Ultrahigh-capacity tetrahydroxybenzoquinone grafted graphene material as a novel anode for lithium-ion batteries

Abstract

Organic compound has enormous potential to serve as a new electrode material in Li-ion batteries (LIBs) owing to their low cost, flexibility and sustainability of naturally abundant elements. Unfortunately, their intrinsic high solubility and low electrical conductivity limit the large-scale application in LIBs. To conquer these pivotal issues, we firstly synthesize a novel organic molecule grafted graphene anode material tetrahydroxybenzoquinone ‒ graphene oxide (THBQ-GO) and the composite is confirmed through Fourier-transform infrared spectroscopy (FT-IR), Raman and X-ray photoelectron spectroscopy (XPS) etc. analyses.
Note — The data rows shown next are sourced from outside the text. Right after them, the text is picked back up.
(* Let $\boldsymbol{\lambda}\in\Delta_N$, $\boldsymbol{\nu}=(\nu_1,\dots,\nu_N)\in\mathcal{P}_1(\mathbb{R})^N$ and $\nu\in\mathcal{P}_1(\mathbb{R})$. The following are equivalent: (1) $\nu\in\mathrm{Med}_{\boldsymbol{\lambda}}(\boldsymbol{\nu})$; (2) $F_\nu(x)\in\mathrm{M}_{\boldsymbol{\lambda}}(F_{\nu_1}(x),\dots,F_{\nu_N}(x))$ for all $x\in\mathbb{R}$; (3) $Q_\nu(t)\in\mathrm{M}_{\boldsymbol{\lambda}}(Q_{\nu_1}(t),\dots,Q_{\nu_N}(t))$ for all $t\in(0,1)$. In particular, if there is no subset $I\subset\{1,\dots,N\}$ with $\sum_{i\in I}\lambda_i=\frac12$, there exists a unique Wasserstein median.
   Context: $\Delta_N$ is the unit simplex of $\mathbb{R}^N$; $\mathcal{P}_1(\mathbb{R})$ is the set of Borel probability measures on $\mathbb{R}$ with finite first moment, with distance $W_1$. $\mathrm{Med}_{\boldsymbol{\lambda}}(\boldsymbol{\nu})$ is the set of minimizers over $\mu\in\mathcal{P}_1(\mathbb{R})$ of $\sum_i\lambda_iW_1(\nu_i,\mu)$ (Wasserstein medians). $F_\nu(x)=\nu((-\infty,x])$ is the cdf and $Q_\nu(t)=\inf\{x:F_\nu(x)\ge t\}$ the quantile function. For $\mathbf{x}=(x_1,\dots,x_N)\in\mathbb{R}^N$, $\mathrm{M}_{\boldsymbol{\lambda}}(\mathbf{x})=\operatorname{argmin}_{y\in\mathbb{R}}\sum_{i=1}^N\lambda_i|y-x_i|$ (the set of weighted medians). *)

theory Defs
  imports "HOL-Probability.Probability"
begin

definition unit_simplex :: "nat \<Rightarrow> (nat \<Rightarrow> real) \<Rightarrow> bool" where
  "unit_simplex N lam \<longleftrightarrow> (\<forall>i<N. 0 \<le> lam i) \<and> (\<Sum>i<N. lam i) = 1"

definition P1 :: "real measure \<Rightarrow> bool" where
  "P1 M \<longleftrightarrow> prob_space M \<and> sets M = sets borel \<and> integrable M (\<lambda>x. \<bar>x\<bar>)"

definition couplings :: "real measure \<Rightarrow> real measure \<Rightarrow> (real \<times> real) measure set" where
  "couplings mu nu = {pi. prob_space pi \<and> sets pi = sets (borel \<Otimes>\<^sub>M borel)
      \<and> distr pi borel fst = mu \<and> distr pi borel snd = nu}"

definition W1 :: "real measure \<Rightarrow> real measure \<Rightarrow> real" where
  "W1 mu nu = enn2real (\<Sqinter>pi\<in>couplings mu nu. \<integral>\<^sup>+ p. ennreal \<bar>fst p - snd p\<bar> \<partial>pi)"

definition WMed :: "nat \<Rightarrow> (nat \<Rightarrow> real) \<Rightarrow> (nat \<Rightarrow> real measure) \<Rightarrow> real measure set" where
  "WMed N lam nus = {mu. P1 mu \<and> (\<forall>mu'. P1 mu' \<longrightarrow>
      (\<Sum>i<N. lam i * W1 (nus i) mu) \<le> (\<Sum>i<N. lam i * W1 (nus i) mu'))}"

definition quantile :: "real measure \<Rightarrow> real \<Rightarrow> real" where
  "quantile M t = Inf {x. t \<le> cdf M x}"

definition wmedian :: "nat \<Rightarrow> (nat \<Rightarrow> real) \<Rightarrow> (nat \<Rightarrow> real) \<Rightarrow> real set" where
  "wmedian N lam x = {y. \<forall>z. (\<Sum>i<N. lam i * \<bar>y - x i\<bar>) \<le> (\<Sum>i<N. lam i * \<bar>z - x i\<bar>)}"

end

theory Submission
  imports Defs
begin

text \<open>
  On the real line the comonotone coupling, given by the two quantile functions, is optimal, and
  its cost is the area between the two cdfs; so \<open>W\<^sub>1(\<nu>\<^sub>i, \<mu>)\<close> is both the \<open>L\<^sup>1\<close> distance of the
  cdfs and that of the quantile functions. The median objective thus becomes an integral, over
  \<open>x\<close> resp. \<open>t\<close>, of the weighted-median cost of the numbers \<open>F\<^sub>\<nu>\<^sub>i(x)\<close> resp. \<open>Q\<^sub>\<nu>\<^sub>i(t)\<close>.
  The measure whose quantile function is the upper weighted median of the \<open>Q\<^sub>\<nu>\<^sub>i\<close> has, by the
  Galois connection between quantile functions and cdfs, the lower weighted median of the
  \<open>F\<^sub>\<nu>\<^sub>i\<close> as its cdf, so it minimises both integrands pointwise. Hence \<open>\<nu>\<close> is a Wasserstein
  median iff its cdf (quantile function) is a weighted median almost everywhere, and one-sided
  continuity upgrades this to everywhere. A weighted median \<open>y\<close> is characterised by both
  \<open>{i. x\<^sub>i \<le> y}\<close> and \<open>{i. y \<le> x\<^sub>i}\<close> having weight at least \<open>1/2\<close>, so it is unique unless some
  index set has weight exactly \<open>1/2\<close>; then the cdf, hence the Wasserstein median, is unique.
\<close>

section \<open>Quantile functions\<close>

lemma quantile_le_iff:
  assumes "real_distribution M" "0 < t" "t < 1"
  shows "quantile M t \<le> x \<longleftrightarrow> t \<le> cdf M x"
proof -
  interpret cdf_distribution M by (simp add: cdf_distribution_def assms)
  show ?thesis using pseudoinverse[of t x] assms by (simp add: quantile_def)
qed

lemma quantile_left_continuous:
  assumes M: "real_distribution M" and t: "0 < t" "t < 1"
  shows "(quantile M \<longlongrightarrow> quantile M t) (at_left t)"
proof (rule order_tendstoI)
  fix a assume "quantile M t < a"
  have mono: "quantile M s \<le> quantile M t" if "0 < s" "s < t" for s
    using quantile_le_iff[OF M t, of "quantile M t"] quantile_le_iff[OF M, of s] that t by auto
  have "eventually (\<lambda>s. 0 < s \<and> s < t) (at_left t)"
    using t by (auto simp: eventually_at_left_field intro: exI[of _ 0])
  then show "eventually (\<lambda>s. quantile M s < a) (at_left t)"
    by eventually_elim (use mono \<open>quantile M t < a\<close> in fastforce)
next
  fix a assume "a < quantile M t"
  then have "cdf M a < t" using quantile_le_iff[OF M t, of a] by auto
  then have "eventually (\<lambda>s. max (cdf M a) 0 < s \<and> s < t) (at_left t)"
    using t by (auto simp: eventually_at_left_field intro: exI[of _ "max (cdf M a) 0"])
  then show "eventually (\<lambda>s. a < quantile M s) (at_left t)"
  proof eventually_elim
    case (elim s)
    then show ?case using quantile_le_iff[OF M, of s a] t by auto
  qed
qed
lemma prob_X_X_eq:
  assumes "0 \<le> u" "0 \<le> v"
  shows "prob {\<omega> \<in> space M. X u \<omega> = c \<and> X (u + v) \<omega> = c'} = IP E p c * Pt E p v c c'"
proof -
  have "{\<omega> \<in> space M. X u \<omega> = c \<and> X (u + v) \<omega> = c'} \<in> events"
    using assms by (intro sets.sets_Collect_conj events_X) simp_all
  then have "prob {\<omega> \<in> space M. X u \<omega> = c \<and> X (u + v) \<omega> = c'}
      = (\<Sum>a\<in>states E. IP E p a * Pt E p u a c) * Pt E p v c c'"
    using assms by (subst prob_eq_sum_X0) (auto simp: prob_X0_X_X_eq sum_distrib_right mult.assoc)
  also have "\<dots> = IP E p c * Pt E p v c c'"
    by (simp add: IP_Pt_stationary[OF graph p0 p1])
  finally show ?thesis .
qed

lemma prob_spin_eq:
  assumes "0 \<le> u"
  shows "prob {\<omega> \<in> space M. snd (X u \<omega>) = \<sigma>} = (\<Sum>\<eta>\<in>UNIV. IP E p (\<eta>, \<sigma>))"
proof -
  have "prob {\<omega> \<in> space M. snd (X u \<omega>) = \<sigma>} = (\<Sum>\<eta>\<in>UNIV. prob {\<omega> \<in> space M. X u \<omega> = (\<eta>, \<sigma>)})"
    using assms by (intro prob_sum events_X AE_I2) (auto simp: prod_eq_iff)
  then show ?thesis
    using assms by (simp add: prob_X_eq)
qed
The optimized THBQ-GO electrode shows high electronic conductivity, low solubility and superior electrochemical capability. It delivers a storage capacity of 1075.9 mAh g−1 at 0.05 A g−1 and retains 88.9% over 100 cycles, manifesting good cycling stability. When cycling at 1.0 A g−1, it still presents 359.4 mAh g−1 over 2000 cycles. Then, the electrochemical mechanisms for the high capability of the optimized THBQ-GO electrode are discussed in detail through ex-situ FT-IR and XPS analyses. This work provides a new perspective to design an organic molecule grafted graphene material for advanced LIBs with high-power properties.